lemma abs_square_term_sub_le:
  fixes r a eps w :: real
  assumes "0 \<le> r" and a_ge: "2/13 \<le> a" and fixed: "r * a\<^sup>2 = 1 - a"
    and "0 \<le> eps" and "eps \<le> 1/15" and w: "\<bar>w - a\<bar> \<le> eps * a"
  shows "\<bar>(1 - w * (1 + r))\<^sup>2 / (1 + 2 * r) - (1 - a * (1 + r))\<^sup>2 / (1 + 2 * r)\<bar> \<le> 14 * eps"
proof -
  define X where "X = 1 - w * (1 + r)"
  define X0 where "X0 = 1 - a * (1 + r)"
  have "a \<le> 1"
    using fixed_point_le_one assms by blast
  have "a * (a * r) \<le> 1"
    using fixed a_ge by (simp add: power2_eq_square algebra_simps)
  moreover have "2/13 * (a * r) \<le> a * (a * r)"
    using a_ge \<open>0 \<le> r\<close> by (intro mult_right_mono) auto
  ultimately have "2/13 * (a * r) \<le> 1"
    by linarith
  then have ar: "0 \<le> a * r" "a * r \<le> 13/2"
    using a_ge \<open>0 \<le> r\<close> by auto
  have "\<bar>X - X0\<bar> = \<bar>w - a\<bar> * (1 + r)"
    using \<open>0 \<le> r\<close> by (simp add: X_def X0_def abs_mult flip: abs_minus_commute left_diff_distrib)
  also have "\<dots> \<le> eps * (a * (1 + r))"
    using w \<open>0 \<le> r\<close> by (simp add: mult_right_mono)
  finally have diff: "\<bar>X - X0\<bar> \<le> eps * (a * (1 + r))" .
  have "a * (1 + r) \<le> 15/2" and "a * (1 + r) \<le> 1 + 2 * r"
    using ar \<open>a \<le> 1\<close> \<open>0 \<le> r\<close> mult_right_mono[OF \<open>a \<le> 1\<close>, of r]
    by (simp_all add: algebra_simps)
  then have diff_le: "\<bar>X - X0\<bar> \<le> eps * (15/2)" "\<bar>X - X0\<bar> \<le> eps * (1 + 2 * r)"
    using diff \<open>0 \<le> eps\<close> by (meson mult_left_mono order_trans)+
  have "X0 = 1 - a - a * r"
    by (simp add: X0_def algebra_simps)
  then have "\<bar>X0\<bar> \<le> 13/2"
    using ar a_ge \<open>a \<le> 1\<close> by (intro abs_leI) linarith+
  moreover have "\<bar>X + X0\<bar> \<le> \<bar>X - X0\<bar> + 2 * \<bar>X0\<bar>"
    by (auto simp: abs_if)
  ultimately have sum_le: "\<bar>X + X0\<bar> \<le> 14"
    using diff_le(1) \<open>eps \<le> 1/15\<close> by linarith
  have "\<bar>X\<^sup>2 / (1 + 2 * r) - X0\<^sup>2 / (1 + 2 * r)\<bar> = \<bar>X - X0\<bar> * \<bar>X + X0\<bar> / (1 + 2 * r)"
    using \<open>0 \<le> r\<close>
    by (simp add: power2_eq_square square_diff_square_factored abs_mult flip: diff_divide_distrib)
  also have "\<dots> \<le> eps * (1 + 2 * r) * 14 / (1 + 2 * r)"
    using diff_le(2) sum_le \<open>0 \<le> eps\<close> \<open>0 \<le> r\<close> by (intro divide_right_mono mult_mono) auto
  also have "\<dots> = 14 * eps"
    using \<open>0 \<le> r\<close> by simp
  finally show ?thesis
    by (simp add: X_def X0_def)
qed

lemma abs_cubic_term_sub_le:
  fixes r a eps w z :: real
  assumes "0 \<le> r" and "0 < a" and "a \<le> 1" and "0 \<le> eps" and "eps \<le> 1"
    and w: "\<bar>w - a\<bar> \<le> eps * a" and "\<bar>z - a\<bar> \<le> eps * a"
  shows "\<bar>r * z * (1 - w)\<^sup>2 / (1 + r) - r * a * (1 - a)\<^sup>2 / (1 + r)\<bar> \<le> 3 * eps"
proof -
  have "eps * a \<le> a"
    using assms by (simp add: mult_left_le_one_le)
  then have "0 \<le> w" "w \<le> 2 * a"
    using w by (auto simp: abs_le_iff)
  then have "\<bar>1 - w\<bar> \<le> 1" and "\<bar>2 - w - a\<bar> \<le> 2"
    using assms by (auto simp: abs_le_iff)
  then have "(1 - w)\<^sup>2 \<le> 1"
    by (metis abs_le_square_iff abs_one one_power2)
  have "z * (1 - w)\<^sup>2 - a * (1 - a)\<^sup>2 = (z - a) * (1 - w)\<^sup>2 + a * ((a - w) * (2 - w - a))"
    by (simp add: algebra_simps power2_eq_square)
  then have "\<bar>z * (1 - w)\<^sup>2 - a * (1 - a)\<^sup>2\<bar> \<le> \<bar>z - a\<bar> * (1 - w)\<^sup>2 + a * (\<bar>w - a\<bar> * \<bar>2 - w - a\<bar>)"
    using \<open>0 < a\<close> by (simp add: abs_mult abs_minus_commute abs_triangle_ineq[THEN order.trans])
  also have "\<dots> \<le> eps * a * 1 + a * (eps * a * 2)"
    using assms \<open>(1 - w)\<^sup>2 \<le> 1\<close> \<open>\<bar>2 - w - a\<bar> \<le> 2\<close>
    by (intro add_mono mult_mono mult_left_mono) auto
  also have "\<dots> \<le> eps * 1 * 1 + 1 * (eps * 1 * 2)"
    using assms by (intro add_mono mult_mono) auto
  finally have diff: "\<bar>z * (1 - w)\<^sup>2 - a * (1 - a)\<^sup>2\<bar> \<le> 3 * eps"
    by simp
  have "r * z * (1 - w)\<^sup>2 / (1 + r) - r * a * (1 - a)\<^sup>2 / (1 + r)
      = r / (1 + r) * (z * (1 - w)\<^sup>2 - a * (1 - a)\<^sup>2)"
    by (simp add: algebra_simps diff_divide_distrib)
  then have "\<bar>r * z * (1 - w)\<^sup>2 / (1 + r) - r * a * (1 - a)\<^sup>2 / (1 + r)\<bar>
      = r / (1 + r) * \<bar>z * (1 - w)\<^sup>2 - a * (1 - a)\<^sup>2\<bar>"
    using \<open>0 \<le> r\<close> by (simp add: abs_mult)
  also have "\<dots> \<le> 1 * (3 * eps)"
    using \<open>0 \<le> r\<close> diff by (intro mult_mono) auto
  finally show ?thesis
    by simp
qed

definition fm_bracket :: "real \<Rightarrow> real \<Rightarrow> real \<Rightarrow> real" where
  "fm_bracket r w z = (1 - w * (1 + r))\<^sup>2 / (1 + 2 * r) + r * z * (1 - w)\<^sup>2 / (1 + r)"

lemma fm_eq_fm_bracket:
  "fm m r = r * alpha (m - 2) r * alpha m r * fm_bracket r (alpha (m - 1) r) (alpha (m - 3) r)"
  by (simp add: fm_def fm_bracket_def)

lemma abs_fm_bracket_sub_le:
  fixes r a eps w z :: real
  assumes "0 \<le> r" and "2/13 \<le> a" and "r * a\<^sup>2 = 1 - a" and "0 \<le> eps" and "eps \<le> 1/15"
    and "\<bar>w - a\<bar> \<le> eps * a" and "\<bar>z - a\<bar> \<le> eps * a"
  shows "\<bar>fm_bracket r w z - fm_bracket r a a\<bar> \<le> 17 * eps"
proof -
  have "a \<le> 1"
    using fixed_point_le_one assms by blast
  have "\<bar>(1 - w * (1 + r))\<^sup>2 / (1 + 2 * r) - (1 - a * (1 + r))\<^sup>2 / (1 + 2 * r)\<bar> \<le> 14 * eps"
    using assms by (intro abs_square_term_sub_le)
  moreover have "\<bar>r * z * (1 - w)\<^sup>2 / (1 + r) - r * a * (1 - a)\<^sup>2 / (1 + r)\<bar> \<le> 3 * eps"
    using assms \<open>a \<le> 1\<close> by (intro abs_cubic_term_sub_le) auto
  ultimately show ?thesis
    unfolding fm_bracket_def abs_le_iff by (intro conjI) linarith+
qed

lemma fm_bracket_fixed_point_le:
  fixes r a :: real
  assumes "0 \<le> r" and "0 < a" and "r * a\<^sup>2 = 1 - a"
  shows "fm_bracket r a a \<le> 2"
proof -
  have "a \<le> 1"
    using fixed_point_le_one assms by blast
  then have "a * (1 - a)\<^sup>2 \<le> 1"
    using \<open>0 < a\<close> by (intro mult_le_one) (auto simp: power_le_one)
  then have "r / (1 + r) * (a * (1 - a)\<^sup>2) \<le> 1 * 1"
    using assms by (intro mult_mono) auto
  then show ?thesis
    using square_term_le_one[OF assms] by (simp add: fm_bracket_def)
qed

lemma abs_perturbed_fm_sub_le:
  fixes r a eps u v w z :: real
  assumes "0 \<le> r" and a_ge: "2/13 \<le> a" and fixed: "r * a\<^sup>2 = 1 - a"
    and "0 \<le> eps" and "eps \<le> 1/15"
    and "\<bar>u - a\<bar> \<le> eps * a" and v: "\<bar>v - a\<bar> \<le> eps * a"
    and "\<bar>w - a\<bar> \<le> eps * a" and "\<bar>z - a\<bar> \<le> eps * a"
  shows "\<bar>r * u * v * fm_bracket r w z - r * a * a * fm_bracket r a a\<bar> \<le> 29 * eps"
proof -
  define G where "G = fm_bracket r w z"
  define G0 where "G0 = fm_bracket r a a"
  have raa: "0 \<le> r * a * a" "r * a * a \<le> 1"
    using fixed a_ge \<open>0 \<le> r\<close> by (auto simp: power2_eq_square)
  have "\<bar>G - G0\<bar> \<le> 17 * eps"
    unfolding G_def G0_def using assms by (intro abs_fm_bracket_sub_le)
  moreover have "0 \<le> G0" "G0 \<le> 2"
    using assms fm_bracket_fixed_point_le[of r a] by (auto simp: G0_def fm_bracket_def)
  ultimately have "\<bar>G\<bar> \<le> 4"
    using \<open>eps \<le> 1/15\<close> by linarith
  have "eps * a \<le> a"
    using assms by (intro mult_left_le_one_le) auto
  then have "\<bar>v\<bar> \<le> 2 * a"
    using v a_ge unfolding abs_le_iff by (intro conjI) linarith+
  have "r * u * v - r * a * a = r * ((u - a) * v + a * (v - a))"
    by (simp add: algebra_simps)
  then have "\<bar>r * u * v - r * a * a\<bar> = r * \<bar>(u - a) * v + a * (v - a)\<bar>"
    using \<open>0 \<le> r\<close> by (simp add: abs_mult)
  also have "\<dots> \<le> r * (eps * a * (2 * a) + a * (eps * a))"
    using assms \<open>\<bar>v\<bar> \<le> 2 * a\<close>
    by (intro mult_left_mono add_mono abs_triangle_ineq[THEN order.trans])
      (auto simp: abs_mult intro!: mult_mono)
  also have "\<dots> = 3 * eps * (r * a * a)"
    by (simp add: algebra_simps)
  also have "\<dots> \<le> 3 * eps"
    using raa \<open>0 \<le> eps\<close> by (simp add: mult_left_le)
  finally have "\<bar>r * u * v - r * a * a\<bar> \<le> 3 * eps" .
  have "r * u * v * G - r * a * a * G0 = (r * u * v - r * a * a) * G + r * a * a * (G - G0)"
    by (simp add: algebra_simps)
  then have "\<bar>r * u * v * G - r * a * a * G0\<bar> \<le> \<bar>r * u * v - r * a * a\<bar> * \<bar>G\<bar> + r * a * a * \<bar>G - G0\<bar>"
    using \<open>0 \<le> r\<close> a_ge abs_triangle_ineq[of "(r * u * v - r * a * a) * G" "r * a * a * (G - G0)"]
    by (simp add: abs_mult)
  also have "\<dots> \<le> 3 * eps * 4 + 1 * (17 * eps)"
    using raa \<open>\<bar>G\<bar> \<le> 4\<close> \<open>\<bar>G - G0\<bar> \<le> 17 * eps\<close> \<open>\<bar>r * u * v - r * a * a\<bar> \<le> 3 * eps\<close>
    by (intro add_mono mult_mono) auto
  finally show ?thesis
    by (simp add: G_def G0_def)
qed

lemma abs_SUP_sub_Max_le:
  fixes g :: "nat \<Rightarrow> real"
  assumes near: "\<And>m. N \<le> m \<Longrightarrow> \<bar>g m - L\<bar> \<le> \<delta>" and "N \<le> n" and "k \<le> n"
  shows "\<bar>(SUP m\<in>{k..}. g m) - Max (g ` {k..n})\<bar> \<le> 2 * \<delta>"
proof -
  define M where "M = Max (g ` {k..n})"
  have le_M: "g m \<le> M" if "m \<in> {k..n}" for m
    using that by (simp add: M_def)
  have "g m \<le> M + 2 * \<delta>" if "k \<le> m" for m
  proof (cases "m \<le> n")
    case True
    with that le_M[of m] near[of n] \<open>N \<le> n\<close> show ?thesis
      by auto
  next
    case False
    with near[of m] near[of n] le_M[of n] \<open>N \<le> n\<close> \<open>k \<le> n\<close> show ?thesis
      by (auto simp: abs_le_iff)
  qed
  then have "bdd_above (g ` {k..})" and "(SUP m\<in>{k..}. g m) \<le> M + 2 * \<delta>"
    by (force intro: bdd_aboveI2, auto intro: cSUP_least)
  moreover have "M \<in> g ` {k..n}"
    unfolding M_def using \<open>k \<le> n\<close> by (intro Max_in) auto
  then obtain m0 where "m0 \<in> {k..n}" and "M = g m0"
    by blast
  ultimately have "M \<le> (SUP m\<in>{k..}. g m)"
    by (auto intro: cSUP_upper)
  with \<open>(SUP m\<in>{k..}. g m) \<le> M + 2 * \<delta>\<close> show ?thesis
    by (simp add: M_def)
qed

lemma abs_fm_sub_limit_le:
  assumes "0 \<le> r" and "r \<le> 35" and "73 \<le> m"
  defines "a \<equiv> alpha_limit r"
  shows "\<bar>fm m r - r * a * a * fm_bracket r a a\<bar> \<le> 29 / 20000"
proof -
  have near: "\<bar>alpha k r - a\<bar> \<le> 1 / 20000 * a" if "70 \<le> k" for k
    using abs_alpha_sub_alpha_limit_le_tail[OF assms(1,2) that] by (simp add: a_def)
  have "2 / (1 + 12) \<le> a"
    unfolding a_def using assms by (intro alpha_limit_lower_bound) auto
  moreover have "r * a\<^sup>2 = 1 - a"
    unfolding a_def using assms by (intro alpha_limit_fixed_point) auto
  ultimately show ?thesis
    unfolding fm_eq_fm_bracket
    using abs_perturbed_fm_sub_le[of r a "1 / 20000"] assms near by simp
qed

theorem propositionA1:
  fixes r :: real and n :: nat
  assumes "0 \<le> r" and "r \<le> 35" and "73 \<le> n"
  shows "\<bar>f_sup r - fn_max n r\<bar> \<le> 0.0052"
proof -
  define a where "a = alpha_limit r"
  have "\<bar>f_sup r - fn_max n r\<bar> \<le> 2 * (29 / 20000)"
    unfolding f_sup_def fn_max_def using assms abs_fm_sub_limit_le
    by (intro abs_SUP_sub_Max_le[where N = 73 and L = "r * a * a * fm_bracket r a a"])
      (auto simp: a_def)
  then show ?thesis
    by simp
qed
lemma test_fun_has_derivative:
  "(test_fun a b m c K e x0 has_derivative
     (\<lambda>h. a*(e\<bullet>h) - 2*b*(e\<bullet>x - m)*(e\<bullet>h) + 4*K*((x-x0)\<bullet>(x-x0))*((x-x0)\<bullet>h))) (at x)"
  unfolding test_fun_def[abs_def] ridge_def
  by (rule derivative_eq_intros refl | simp)+ (simp add: fun_eq_iff algebra_simps inner_commute)

lemma test_fun_directional_has_derivative:
  "((\<lambda>x. a*(e\<bullet>v) - 2*b*(e\<bullet>x - m)*(e\<bullet>v) + 4*K*((x-x0)\<bullet>(x-x0))*((x-x0)\<bullet>v)) has_derivative
     (\<lambda>w. -2*b*(e\<bullet>w)*(e\<bullet>v) + 4*K*(2*((x-x0)\<bullet>w)*((x-x0)\<bullet>v) + ((x-x0)\<bullet>(x-x0))*(w\<bullet>v)))) (at x)"
  by (rule derivative_eq_intros refl | simp)+ (simp add: fun_eq_iff algebra_simps inner_commute)

lemma frechet_derivative_test_fun:
  "frechet_derivative (test_fun a b m c K e x0) (at x) =
     (\<lambda>h. a*(e\<bullet>h) - 2*b*(e\<bullet>x - m)*(e\<bullet>h) + 4*K*((x-x0)\<bullet>(x-x0))*((x-x0)\<bullet>h))"
  by (rule sym, rule frechet_derivative_at, rule test_fun_has_derivative)

lemma frechet_derivative_test_fun_directional:
  "frechet_derivative
     (\<lambda>x. a*(e\<bullet>v) - 2*b*(e\<bullet>x - m)*(e\<bullet>v) + 4*K*((x-x0)\<bullet>(x-x0))*((x-x0)\<bullet>v)) (at x) =
   (\<lambda>w. -2*b*(e\<bullet>w)*(e\<bullet>v) + 4*K*(2*((x-x0)\<bullet>w)*((x-x0)\<bullet>v) + ((x-x0)\<bullet>(x-x0))*(w\<bullet>v)))"
  by (rule sym, rule frechet_derivative_at, rule test_fun_directional_has_derivative)

lemma test_fun_C2: "Ck_on 2 (test_fun a b m c K e x0) S"
proof -
  have "Ck_on (Suc (Suc 0)) (test_fun a b m c K e x0) S"
    unfolding Ck_on.simps frechet_derivative_test_fun frechet_derivative_test_fun_directional
    using test_fun_has_derivative test_fun_directional_has_derivative
    by (auto simp: differentiable_def intro!: continuous_intros) blast+
  then show ?thesis by (simp add: numeral_2_eq_2)
qed

lemma grad_test_fun: "grad (test_fun a b m c K e x0) x0 = (a - 2*b*(e\<bullet>x0 - m)) *\<^sub>R e"
proof -
  have "grad (test_fun a b m c K e x0) x0 = (\<Sum>i\<in>Basis. ((a - 2*b*(e\<bullet>x0 - m)) * (e\<bullet>i)) *\<^sub>R i)"
    unfolding grad_def frechet_derivative_test_fun by (intro sum.cong) (auto simp: algebra_simps)
  also have "\<dots> = (a - 2*b*(e\<bullet>x0 - m)) *\<^sub>R (\<Sum>i\<in>Basis. (e\<bullet>i) *\<^sub>R i)"
    by (simp add: scaleR_sum_right)
  finally show ?thesis by (simp add: euclidean_representation)
qed

lemma hess_form_test_fun: "hess_form (test_fun a b m c K e x0) x0 \<xi> = -2*b*(e\<bullet>\<xi>)^2"
  unfolding hess_form_def frechet_derivative_test_fun frechet_derivative_test_fun_directional
  by (simp add: power2_eq_square)

lemma signed_test_fun_value:
  assumes "\<sigma> = 1 \<or> \<sigma> = -1"
  shows "\<sigma> * test_fun (\<sigma>*a) (\<sigma>*b) m (\<sigma>*c) (\<sigma>*K) e x0 x =
           ridge a b m e x + c + K * norm (x - x0)^4"
proof -
  have "((x-x0)\<bullet>(x-x0))^2 = norm (x - x0)^4"
    by (simp add: power2_norm_eq_inner[symmetric] flip: power_mult)
  then show ?thesis using assms by (auto simp: test_fun_def ridge_def)
qed

lemma signed_test_fun_at_centre:
  fixes a b m c K :: real and e x0 :: "'a::euclidean_space"
  assumes "\<sigma> = 1 \<or> \<sigma> = -1" and "norm e = 1"
  defines "\<psi> \<equiv> test_fun (\<sigma>*a) (\<sigma>*b) m c K e x0"
  shows "norm (grad \<psi> x0) = \<bar>a - 2*b*(e\<bullet>x0 - m)\<bar>"
    and "\<sigma> * hess_form \<psi> x0 (grad \<psi> x0) = -2*b*(a - 2*b*(e\<bullet>x0 - m))^2"
proof -
  have grad: "grad \<psi> x0 = (\<sigma> * (a - 2*b*(e\<bullet>x0 - m))) *\<^sub>R e"
    unfolding \<psi>_def grad_test_fun by (simp add: algebra_simps)
  show "norm (grad \<psi> x0) = \<bar>a - 2*b*(e\<bullet>x0 - m)\<bar>"
    using assms(1,2) by (auto simp: grad)
  have "e \<bullet> e = 1" using assms(2) by (simp add: power2_norm_eq_inner[symmetric])
  then show "\<sigma> * hess_form \<psi> x0 (grad \<psi> x0) = -2*b*(a - 2*b*(e\<bullet>x0 - m))^2"
    using assms(1) unfolding grad unfolding \<psi>_def hess_form_test_fun
    by (auto simp: algebra_simps power2_eq_square)
qed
========
● **WHAT YOU WILL DO**
In the material above, transcribe exactly the lines beginning at the one with "by (intro mult_left_mono" and ending at the one with "using raa \<open>0", both included.

● **SOLUTION**
    by (intro mult_left_mono add_mono abs_triangle_ineq[THEN order.trans])
      (auto simp: abs_mult intro!: mult_mono)
  also have "\<dots> = 3 * eps * (r * a * a)"
    by (simp add: algebra_simps)
  also have "\<dots> \<le> 3 * eps"
    using raa \<open>0 \<le> eps\<close> by (simp add: mult_left_le)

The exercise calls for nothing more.